인덱스 데이터를 몇 개의 샤드로 쪼갤 것인지 지정
한번 지정시 reindex 를 통해 인덱스를 통쨰로 재색인 해야하기에 신중한 설계 필요!!!
샤드 숫자가 많아 지면 색인 성능 감소
샤드 숫자가 적으면 샤드 하나 크기가 커지므로 장애 상황에서 샤드 복구에 너무 많은 시간이 소요, 클러스터 안정성 떨어짐

(1-2) number_of_replicas

복제본 샤드를 몇개 둘것인지 설정
엘라스틱 클러스터 노드 갯수, 어느정도 고가용성 제공할지 고려해 지정
인덱스 생성 이후에도 동적으로 변경 가능!!

### 인덱스 설정 number_of_replicas 동적 변경 호출
curl -XPUT "http://192.168.219.20:9200/sy_index/_settings" -H "Content-Type: application/json" -d '
{
  "index.number_of_replicas": 0 ( 0 으로 설정시 복제본을 두지 않음 )
}'

** 복제본 샤드를 생성하지 않는 설정은 주로 대용량 초기 데이터를 마이그레이션 하는 등
쓰기 성능을 일시적 끌어올리기 위해 사용 **

(1-3) refresh_interval

해당 인덱스 refresh를 얼마나 자주 수행할 것인지 설정
색인된 문서는 es refresh 되야 검색 가능

### 엘라스틱서치 refresh_interval 설정
curl -XPUT "http://192.168.219.20:9200/_settings" -H "Content-Type: application/json" -d '
{
  "index.refresh_interval": "1s" ( 1초에 한번 es refresh 수행 )
}'
** -1로 설정시 주기적 refresh 수행하지 않음!!


### 명시적 지정 refresh_interval 되돌리기
curl -XPUT "http://192.168.219.20:9200/_settings" -H "Content-Type: application/json" -d '
{
  "index.refresh_interval": null
}
'


### 엘라스틱서치 refresh_interval 조회
curl -XGET "http://192.168.219.20:9200/sy_index/_settings/index.refresh_interval?pretty"

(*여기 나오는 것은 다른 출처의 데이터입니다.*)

(* Let $(\mathfrak g,d,[\,,\,])$ be a differential graded Lie algebra over $k=\mathbb R$ or $\mathbb C$ such that each $\mathfrak g^i$ is a normed space, $d$ and $[\,,\,]$ are continuous, and there are a graded subspace $\mathbf H\subset\mathfrak g$, a projection $P_{\mathbf H}:\mathfrak g\to\mathbf H$ and a linear map $\eta:\mathfrak g\to\mathfrak g[-1]$ with $\mathrm{Id}=P_{\mathbf H}+d\eta+\eta d$ (also on the completion). Let $(\mathfrak g,\mu_* )$ be the $L_\infty$-algebra with $\mu_1=d$, $\mu_2(v_1,v_2)=(d\eta+\eta d)[v_1,v_2]$, and $\mu_n(v_1,\dots,v_n)=(-1)^n\sum_{\sigma\in Sh(n-1,n)}(-1)^{\tilde\sigma}e(\sigma)\eta[\mu_{n-1}(v_{\sigma(1)},\dots,v_{\sigma(n-1)}),v_{\sigma(n)}]$ for $n\ge3$. Fix a basis $[\gamma_\alpha]$ of $H^1(\mathfrak g,d)$ with representatives $\gamma_\alpha\in\ker d\cap\mathfrak g^1$, coordinates $t=(t^\alpha)$, and let $\Gamma(t)=\sum_{n\ge1}\Gamma_n(t)$ with $\Gamma_1=\sum_\alpha\gamma_\alpha t^\alpha$ and $\Gamma_n=-\frac12\eta\big(\sum_{k=1}^{n-1}[\Gamma_k(t),\Gamma_{n-k}(t)]\big)$ for $n\ge2$. Then for every $t$ (in the domain of convergence of $\Gamma(t)$) in the Kuranishi space $\mathcal K^0_{\mathfrak g}=\{t : P_{\mathbf H}[\Gamma(t),\Gamma(t)]=0\}$ one has $\mu_2(\Gamma(t),\Gamma(t))=[\Gamma(t),\Gamma(t)]$ and $\mu_n(\Gamma(t),\dots,\Gamma(t))=0$ for all $n\ge3$; consequently on $\mathcal K^0_{\mathfrak g}$ the $L_\infty$ Maurer–Cartan equation $\sum_{k\ge1}\frac{(-1)^{k(k+1)/2}}{k!}\mu_k(\Gamma(t),\dots,\Gamma(t))=0$ degenerates into the Maurer–Cartan equation $d\Gamma(t)+\frac12[\Gamma(t),\Gamma(t)]=0$ of the differential graded Lie algebra $(\mathfrak g,d,[\,,\,])$.
   Context: $\mathfrak g[n]^i=\mathfrak g^{i+n}$, so $\eta$ lowers degree by one; $\tilde v$ is the parity of the degree of homogeneous $v$. $Sh(n-1,n)$ is the set of permutations $\sigma$ of $\{1,\dots,n\}$ with $\sigma(1)<\dots<\sigma(n-1)$; $\tilde\sigma$ is its parity and the Koszul sign $e(\sigma)$ is defined by $v_{\sigma(1)}\wedge\dots\wedge v_{\sigma(n)}=(-1)^{\tilde\sigma}e(\sigma)v_1\wedge\dots\wedge v_n$. The coordinates $t^\alpha$ are even, so $\Gamma(t)$ has degree $1$. *)

theory Defs
  imports "HOL-Analysis.Analysis" "HOL-Combinatorics.Permutations"
begin
(* Let $U$ be a finite set and $\{X_u\}_{u\in U}$ finite non-empty sets; write $X_V=\prod_{u\in V}X_u$ for $V\subset U$. For every $V\subset U$ let $S_V\subset X_V$. Then for every integer $k\le|U|$, $$\Big|\mathbb E_{x\in X_U}\prod_{\substack{V\subset U\\|V|\le k}}S_V(x_V)-\prod_{\substack{V\subset U\\|V|\le k}}\mathbb E_{x_V\in X_V}S_V(x_V)\Big|\le 2^{|U|}\max_{\substack{V\subset U\\|V|\le k}}\Big\|S_V-\mathbb E_{x_V\in X_V}S_V\Big\|_{\Box^V(X_V)} .$$
   Context: Sets are identified with their indicator functions; $\mathbb E_{x\in X}$ is the uniform average over a finite set $X$. For $x=(x_u)_{u\in U}\in X_U$ and $V\subset U$, $x_V=(x_u)_{u\in V}$; for $V=\emptyset$, $X_\emptyset$ is a one-point set. For a finite index set $V$ and $f:X_V\to\mathbb C$ the Gowers box norm is $$\|f\|_{\Box^V(X_V)}^{2^{|V|}}=\mathbb E_{x^0,x^1\in X_V}\prod_{\omega\in\{0,1\}^V}\mathcal C^{|\omega|}f(x^{\omega}),$$ with $x^{\omega}=(x^{\omega_v}_v)_{v\in V}$, $|\omega|=\sum_v\omega_v$, $\mathcal C$ complex conjugation; when $V=\emptyset$ (so $f$ is a constant) $\|f\|_{\Box^\emptyset}=|f|$. *)

theory Defs
  imports Complex_Main "HOL-Library.FuncSet" "HOL-Library.Indicator_Function"
begin

definition avg :: "'b set \<Rightarrow> ('b \<Rightarrow> 'c::field) \<Rightarrow> 'c" where
  "avg A f = (\<Sum>x\<in>A. f x) / of_nat (card A)"

text \<open>Points of X_V are extensional functions in PiE V X. The mixed point x^omega.\<close>
definition cube_pt :: "'u set \<Rightarrow> ('u \<Rightarrow> bool) \<Rightarrow> ('u \<Rightarrow> 'a) \<Rightarrow> ('u \<Rightarrow> 'a) \<Rightarrow> ('u \<Rightarrow> 'a)" where
  "cube_pt V \<omega> x0 x1 = (\<lambda>v. if v \<in> V then (if \<omega> v then x1 v else x0 v) else undefined)"

definition conj_pow :: "nat \<Rightarrow> complex \<Rightarrow> complex" where
  "conj_pow n z = (if even n then z else cnj z)"

definition box_avg :: "'u set \<Rightarrow> ('u \<Rightarrow> 'a set) \<Rightarrow> (('u \<Rightarrow> 'a) \<Rightarrow> complex) \<Rightarrow> complex" where
  "box_avg V X f = avg (PiE V X \<times> PiE V X)
     (\<lambda>(x0, x1). \<Prod>\<omega>\<in>PiE V (\<lambda>_. UNIV :: bool set).
        conj_pow (card {v\<in>V. \<omega> v}) (f (cube_pt V \<omega> x0 x1)))"

text \<open>Box norm. The box average is a nonnegative real for V nonempty; for V empty it is
  f itself, and the convention is the modulus |f|. Taking cmod covers both cases.\<close>
definition box_norm :: "'u set \<Rightarrow> ('u \<Rightarrow> 'a set) \<Rightarrow> (('u \<Rightarrow> 'a) \<Rightarrow> complex) \<Rightarrow> real" where
  "box_norm V X f = cmod (box_avg V X f) powr (1 / 2 ^ card V)"

end

theory Submission
  imports Defs "HOL-Analysis.Convex" "HOL-Analysis.Finite_Product_Measure"
begin
lemma dressing_identity:
  fixes p q :: quat and ch sh c sn :: real
  assumes hyp: "ch\<^sup>2 = 1 + sh\<^sup>2" and trig: "sn\<^sup>2 = 1 - c\<^sup>2" and "sh \<noteq> 0" "ch \<noteq> c"
  defines "A \<equiv> - of_real (sh\<^sup>2 / (ch - c)) * Complex c (- sn)"
    and "C \<equiv> Complex (sn / sh) ((ch - c) / sh)"
  shows "- qmul p ((1/2) *\<^sub>R ck A) + qmul q ((1/2) *\<^sub>R ck (C * A))
      - qmul (ck C) (qmul p ((1/2) *\<^sub>R ck (C * A)) + qmul q ((1/2) *\<^sub>R ck A))
    = Quat (p$0) (c * (p$1 * ch - q$2 * sh) - sn * (p$2 * ch + q$1 * sh))
        (sn * (p$1 * ch - q$2 * sh) + c * (p$2 * ch + q$1 * sh)) (p$3)"
proof -
  define d where "d = ch - c"
  have "d \<noteq> 0" using \<open>ch \<noteq> c\<close> by (simp add: d_def)
  show ?thesis
    unfolding quat_eq_iff A_def C_def d_def[symmetric] using \<open>sh \<noteq> 0\<close> \<open>d \<noteq> 0\<close>
    by (simp add: qmul_def ck_def field_simps) (intro conjI; use hyp trig d_def in algebra)
qed

lemma simple_factor_dressing_eq_ck:
  defines "m \<equiv> Quat (1/2) (-1/2) (-1/2) (-1/2)"
  assumes "(\<mu> + inverse \<mu>) / 2 - 1 \<noteq> 0"
  shows "simple_factor_dressing \<mu> m m f fs z =
    (let A = (\<mu> + inverse \<mu>) / 2 - 1; C = \<i> * ((inverse \<mu> - \<mu>) / 2) / A in
     - qmul (f z) ((1/2) *\<^sub>R ck A) + qmul (fs z) ((1/2) *\<^sub>R ck (C * A))
     - qmul (ck C) (qmul (f z) ((1/2) *\<^sub>R ck (C * A)) + qmul (fs z) ((1/2) *\<^sub>R ck A)))"
proof -
  define A where "A = (\<mu> + inverse \<mu>) / 2 - 1"
  define B where "B = \<i> * ((inverse \<mu> - \<mu>) / 2)"
  have a: "cq ((\<mu> + inverse \<mu>) / 2) - qone = cq A"
    by (simp add: A_def cq_def qone_def quat_eq_iff)
  have b: "qmul (cq \<i>) (cq ((inverse \<mu> - \<mu>) / 2)) = cq B"
    by (simp add: B_def cq_mult)
  have ba: "qmul (cq B) (qinv (cq A)) = cq (B / A)"
    by (simp add: qinv_cq cq_mult divide_inverse)
  have "B / A * A = B" using assms(2) by (simp add: A_def)
  then show ?thesis
    unfolding simple_factor_dressing_def Let_def a b ba m_def qconjby_cq
      A_def[symmetric] B_def[symmetric]
    by simp
qed

lemma simple_factor_dressing_eq_lopez_ros_map:
  fixes s t :: real
  assumes "s \<noteq> 0"
  defines "\<mu> \<equiv> (1 - exp (- Complex s t)) / (1 - exp (Complex s (- t)))"
    and "m \<equiv> Quat (1/2) (-1/2) (-1/2) (-1/2)"
  shows "simple_factor_dressing \<mu> m m f fs z = lopez_ros_map (Complex s t) (f z) (fs z)"
proof -
  note param = lopez_ros_mu_closed_form[OF \<open>s \<noteq> 0\<close>, of t, folded \<mu>_def]
  have "sinh s \<noteq> 0" using \<open>s \<noteq> 0\<close> by simp
  moreover have "cosh s \<noteq> cos t"
    using cosh_real_ge_1[of s] cosh_real_one_iff[of s] cos_le_one[of t] \<open>s \<noteq> 0\<close> by linarith
  moreover have "cis t \<noteq> 0" by simp
  ultimately have A0: "(\<mu> + inverse \<mu>) / 2 - 1 \<noteq> 0"
    unfolding param(3) by (simp add: complex_eq_iff)
  show ?thesis
    unfolding m_def simple_factor_dressing_eq_ck[OF A0] Let_def param(4) lopez_ros_map_Complex
    unfolding param(3)
    using \<open>sinh s \<noteq> 0\<close> \<open>cosh s \<noteq> cos t\<close>
    by (intro dressing_identity) (simp_all add: cosh_square_eq sin_squared_eq)
qed
primcorec subst :: "(nat \<Rightarrow> trm) \<Rightarrow> trm \<Rightarrow> trm" where
  "subst \<sigma> t = (case t of
      Var n \<Rightarrow> \<sigma> n
    | App a b \<Rightarrow> App (subst \<sigma> a) (subst \<sigma> b)
    | Lam a \<Rightarrow> Lam (subst (lift \<sigma>) a)
    | LamI a \<Rightarrow> LamI (subst (lift \<sigma>) a)
    | LamC a \<Rightarrow> LamC (subst (lift \<sigma>) a)
    | IBox a \<Rightarrow> IBox (subst \<sigma> a)
    | CBox a \<Rightarrow> CBox (subst \<sigma> a))"

text \<open>M[N/x] where x is the variable bound by the outermost binder (index 0).\<close>
definition subst0 :: "trm \<Rightarrow> trm \<Rightarrow> trm" where
  "subst0 M N = subst (case_nat N Var) M"

text \<open>Patterns: x, \<down>x, \<up>x, #x, \<dagger>x.\<close>
datatype pat = PLin | PInd | PCoi | PHash | PDag

type_synonym env = "nat \<Rightarrow> pat option"

definition ext :: "pat \<Rightarrow> env \<Rightarrow> env" where
  "ext k \<Gamma> = case_nat (Some k) \<Gamma>"

text \<open>"#\<Theta>, \<up>\<Xi>, \<dagger>\<Psi>" shape: only patterns #x, \<up>x, \<dagger>x.\<close>
definition shared :: "pat option \<Rightarrow> bool" where
  "shared p \<longleftrightarrow> p \<in> {None, Some PHash, Some PCoi, Some PDag}"
(* For a ring $R$, the following are equivalent: (1) $R$ is a DT ring; (2) $R$ is a semi-tripotent ring; (3) for each $a\in R$ there exist idempotents $e,f\in R$ with $ef=fe$ and $j\in J(R)$ such that $a=e+f+j$; (4) for each $a\in R$ there exist idempotents $e,f\in R$ with $ef=fe$ and $j\in J(R)$ such that $a=e-f+j$; (5) for each $a\in R$ there exist idempotents $e,f\in R$ with $ef=0=fe$ and $j\in J(R)$ such that $a=e-f+j$.
   Context: All rings are associative with identity. $J(R)$ is the Jacobson radical, $U(R)$ the group of units. $\Delta(R)=\{x\in R: x+u\in U(R)\text{ for all }u\in U(R)\}$. $\mathrm{Tr}(R)=\{x\in R: x^3=x\}$. A ring $R$ is a DT ring if every $r\in R$ can be written $r=e+d$ with $e\in\mathrm{Tr}(R)$ and $d\in\Delta(R)$. A ring $R$ is semi-tripotent if every $r\in R$ can be written $r=e+j$ with $e\in\mathrm{Tr}(R)$ and $j\in J(R)$. *)

theory Defs
  imports Main
begin

definition units :: "'a::ring_1 set" where
  "units = {u. \<exists>v. u * v = 1 \<and> v * u = 1}"

definition left_ideal :: "'a::ring_1 set \<Rightarrow> bool" where
  "left_ideal I \<longleftrightarrow> 0 \<in> I \<and> (\<forall>x\<in>I. \<forall>y\<in>I. x + y \<in> I) \<and> (\<forall>x\<in>I. - x \<in> I)
     \<and> (\<forall>r. \<forall>x\<in>I. r * x \<in> I)"

definition maximal_left_ideal :: "'a::ring_1 set \<Rightarrow> bool" where
  "maximal_left_ideal M \<longleftrightarrow> left_ideal M \<and> M \<noteq> UNIV
     \<and> (\<forall>I. left_ideal I \<and> M \<subseteq> I \<and> I \<noteq> UNIV \<longrightarrow> I = M)"

definition jacobson :: "'a::ring_1 set" where
  "jacobson = \<Inter> {M. maximal_left_ideal M}"

definition Delta :: "'a::ring_1 set" where
  "Delta = {x. \<forall>u\<in>units. x + u \<in> units}"

definition tripotents :: "'a::ring_1 set" where
  "tripotents = {x. x ^ 3 = x}"

definition DT_ring :: "'a::ring_1 itself \<Rightarrow> bool" where
  "DT_ring _ \<longleftrightarrow> (\<forall>r::'a. \<exists>e\<in>tripotents. \<exists>d\<in>Delta. r = e + d)"

definition semi_tripotent :: "'a::ring_1 itself \<Rightarrow> bool" where
  "semi_tripotent _ \<longleftrightarrow> (\<forall>r::'a. \<exists>e\<in>tripotents. \<exists>j\<in>jacobson. r = e + j)"

definition idempotent :: "'a::ring_1 \<Rightarrow> bool" where
  "idempotent e \<longleftrightarrow> e * e = e"

end

(* J(R) is always contained in Delta(R), so semi-tripotent rings are DT rings.  Conversely,
   Delta(R) is closed under sums and products and under left multiplication by units and by
   idempotents, hence by tripotents t = (t + 1 - t^2) - (1 - t^2).  In a DT ring this gives
   R d <= Delta(R) for every d in Delta(R), so all 1 + r d are units and d lies in J(R).

   In a semi-tripotent ring write a = t + j with t^3 = t.  Then 3 (t^2 - t) lies in J(R), which
   makes E = 2 t^2 - t and F = 2 t^2 - 2 t orthogonal idempotents modulo J(R) with E - F = t.
   Idempotents lift modulo J(R) (to squares of tripotents) and the lifts can be made orthogonal.
   Conversely e - f is tripotent for commuting idempotents e, f, and e + f = e - (1 - f) + 1
   passes between sums and differences. *)

theory Submission
  imports Defs
begin

lemma unitsI: "u * v = 1 \<Longrightarrow> v * u = 1 \<Longrightarrow> u \<in> units"
  unfolding units_def by blast

lemma unitsE:
  assumes "u \<in> units"
  obtains v where "u * v = 1" "v * u = 1"
  using assms unfolding units_def by blast

lemma one_in_units: "1 \<in> units"
  by (rule unitsI[of 1 1]) simp_all

lemma units_mult:
  assumes "u \<in> units" "w \<in> units"
  shows "u * w \<in> units"
proof -
  obtain u' where u: "u * u' = 1" "u' * u = 1" using assms(1) by (rule unitsE)
  obtain w' where w: "w * w' = 1" "w' * w = 1" using assms(2) by (rule unitsE)
  show ?thesis
    by (rule unitsI[of _ "w' * u'"]) (metis mult.assoc mult_1_left u w)+
qed

lemma units_uminus: "u \<in> units \<Longrightarrow> - u \<in> units"
  by (metis minus_mult_minus unitsE unitsI)

lemma units_if_left_right_inverse:
  assumes "l * u = 1" "u * r = 1"
  shows "u \<in> units"
proof -
  have "l = r"
    by (metis assms mult.assoc mult_1_left mult_1_right)
  then show ?thesis
    using assms by (blast intro: unitsI)
qed

lemma one_minus_units_if_square_zero: "p * p = 0 \<Longrightarrow> 1 - p \<in> units"
  by (rule unitsI[of _ "1 + p"]) (simp_all add: algebra_simps)
lemma disconnected_indep_polynomial_ne_cheb:
  assumes sg: "simple_graph V E" and disc: "\<not> graph_connected V E" and k: "k \<in> {1, 2}"
  shows "indep_polynomial V E \<noteq> cheb_indep_polynomial (real k)"
proof
  assume P: "indep_polynomial V E = cheb_indep_polynomial (real k)"
  have fin: "finite V" and irrefl: "\<And>x. \<not> E x x" using sg by (auto simp: simple_graph_def)
  have "V \<noteq> {}"
  proof
    assume "V = {}"
    then have "cheb_indep_polynomial (real k) = 1" using P by simp
    then show False by (simp add: cheb_indep_polynomial_def one_pCons)
  qed
  obtain A where A: "A \<subseteq> V" "A \<noteq> {}" "V - A \<noteq> {}"
    and split: "indep_polynomial V E = indep_polynomial A E * indep_polynomial (V - A) E"
    using disconnected_indep_polynomial_factors[OF sg disc \<open>V \<noteq> {}\<close>] by blast
  have finA: "finite A" and finB: "finite (V - A)" using fin A(1) finite_subset by auto
  have "0 < indep_number A E" "0 < indep_number (V - A) E"
    using indep_number_pos[where E = E, OF finA irrefl A(2)] indep_number_pos[where E = E, OF finB irrefl A(3)]
    by simp_all
  moreover have "indep_number A E + indep_number (V - A) E = 4"
    using k arg_cong[OF split, of degree] finA finB
    by (auto simp: P cheb_indep_polynomial_def degree_mult_eq indep_polynomial_nonzero degree_indep_polynomial)
  ultimately have "(indep_count V E 1, indep_count V E 2, indep_count V E 3, indep_count V E 4)
      \<noteq> (16, 20 * k, 8 * k ^ 2, k ^ 3)"
    using k indep_count_above_indep_number[OF finA] indep_count_above_indep_number[OF finB]
      indep_count_mult[OF fin finA finB split]
    by (intro nat_convolution_ne_cheb_coeffs[where d = "indep_number A E"])
      (simp_all add: indep_count_0 finA finB)
  then show False using indep_counts_cheb_indep_polynomial[OF fin P] by contradiction
qed
lemma inj_on_extend_inverse:
  assumes E: "finite E" "f ` X \<subseteq> E" and inj: "inj_on f X" and F: "infinite F"
  obtains src where "inj_on src E" "\<And>x. x \<in> X \<Longrightarrow> src (f x) = x"
    "\<And>d. d \<in> E - f ` X \<Longrightarrow> src d \<in> F - X"
proof -
  have "finite X"
    using E inj finite_imageD finite_subset by blast
  then have "infinite (F - X)"
    using F by (simp add: Diff_infinite_finite)
  then obtain q where q: "inj_on q (E - f ` X)" "q ` (E - f ` X) \<subseteq> F - X"
    using finite_inj_into_infinite[OF finite_Diff[OF E(1)]] by blast
  define src where "src d = (if d \<in> f ` X then inv_into X f d else q d)" for d
  have src_f: "src (f x) = x" if "x \<in> X" for x
    using that inj by (simp add: src_def)
  have src_q: "src d = q d" if "d \<notin> f ` X" for d
    using that by (simp add: src_def)
  have "inj_on src E"
  proof (rule inj_onI)
    fix d d' assume dd': "d \<in> E" "d' \<in> E" "src d = src d'"
    show "d = d'"
    proof (cases "d \<in> f ` X"; cases "d' \<in> f ` X")
      assume "d \<in> f ` X" "d' \<in> f ` X"
      then show ?thesis using src_f dd'(3) by auto
    next
      assume "d \<notin> f ` X" "d' \<notin> f ` X"
      then show ?thesis using q(1) dd' src_q by (simp add: inj_on_def)
    next
      assume "d \<in> f ` X" "d' \<notin> f ` X"
      then show ?thesis using src_f src_q q(2) dd' by fastforce
    next
      assume "d \<notin> f ` X" "d' \<in> f ` X"
      then show ?thesis using src_f src_q q(2) dd' by fastforce
    qed
  qed
  then show thesis
    using that src_f src_q q(2) by blast
qed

es refresh 1초 설정시 마지막 검색 쿼리 기준으로 수행
즉, 30초 이상 검색 쿼리가 들어오지 않으면 다음 첫 검색 쿼리 들어올떄 까지 es refresh 안함!!
해당 설정은 index.search.idle.after 설정에서 변경

(1-4) 인덱스 설정을 지정해 인덱스 생성

### 엘라스틱서치 인덱스 설정 지정해 인덱스 생성
curl -X PUT "http://192.168.219.20:9200/sy_create_index" -H "Content-Type: application/json" -d '
{
  "settings": {
    "number_of_shards": 2,
    "number_of_replicas": 2
  }
}'

생성된 인덱스 설정 조회 ( curl -XGET "http://192.168.219.20:9200/sy_create_index/_settings?pretty" )

2. 매핑과 필드 타임

매핑 : 문서가 인덱스에 어떻게 색인되고 저장돠는지 정의하는 부분
엘라스틱서치는 문서 색인시 기존 매핑 정보를 가지고 있지 않던 새로운 필드가 들어오면 자동으로 적당한 필드 타입 지정해 매핑 정보 생성

### sy_create_index 문서 색인
curl -XPUT "http://192.168.56.10:9200/sy_create_index/_doc/1" \
-H 'Content-Type: application/json' \
-d '{
"title": "sy world",
"views": 218,
"public": true,
"point": 4.5,
"created": "'"$(date +"%Y-%m-%dT%H:%M:%SZ")"'"
}'


### mappings 필드 확인하는 명령어
curl -XGET "http://192.168.56.10:9200/sy_create_index?pretty"

매핑 필드

(2-1) 동적 매핑 vs 명시적 매핑

동적 매핑 : 엘라스틱서치가 자동으로 생성하는 매핑
명시적 매핑 : 사용자가 직접 매핑 지정

### es 명시적 매핑 ( 인덱스 생성시 매핑 지정 )
curl -XPUT "http://192.168.56.10:9200/new_sy_idx" -H "Content-Type: application/json" \
-d \
'{
  "mappings": {
    "properties": {
      "createdDate":{
        "type": "date",
        "format": "strict_date_time || epoch_millis"
      },
      "keywordString": {
        "type": "keyword"
      },
      "textString": {
        "type": "text"
      }
    }
  },
  "settings": {
    "index.number_of_shards": 1,
    "index.number_of_replicas": 1
  }
}'
# 각 필드에 데이터를 어떻나 형태로 저장할 것인지 지정


### es 매핑 정보 확인
curl -XGET "http://192.168.56.10:9200/new_sy_idx?pretty"


### 인덱스 생성후 매핑 정보 추가
curl -XPUT "http://192.168.56.10:9200/new_sy_idx/_mapping" -H 'Content-Type: application/json' \
-d \
'{
  "properties": {
    "longValue": {
      "type": "long"
    }
  }
}'

추가된 매핑 정보 확인

(2-2) 필드 타입

엘라스틱서치 매핑 필드 타입은 한 번 지정시 변경이 불가 ( 신중한 지정 필요 )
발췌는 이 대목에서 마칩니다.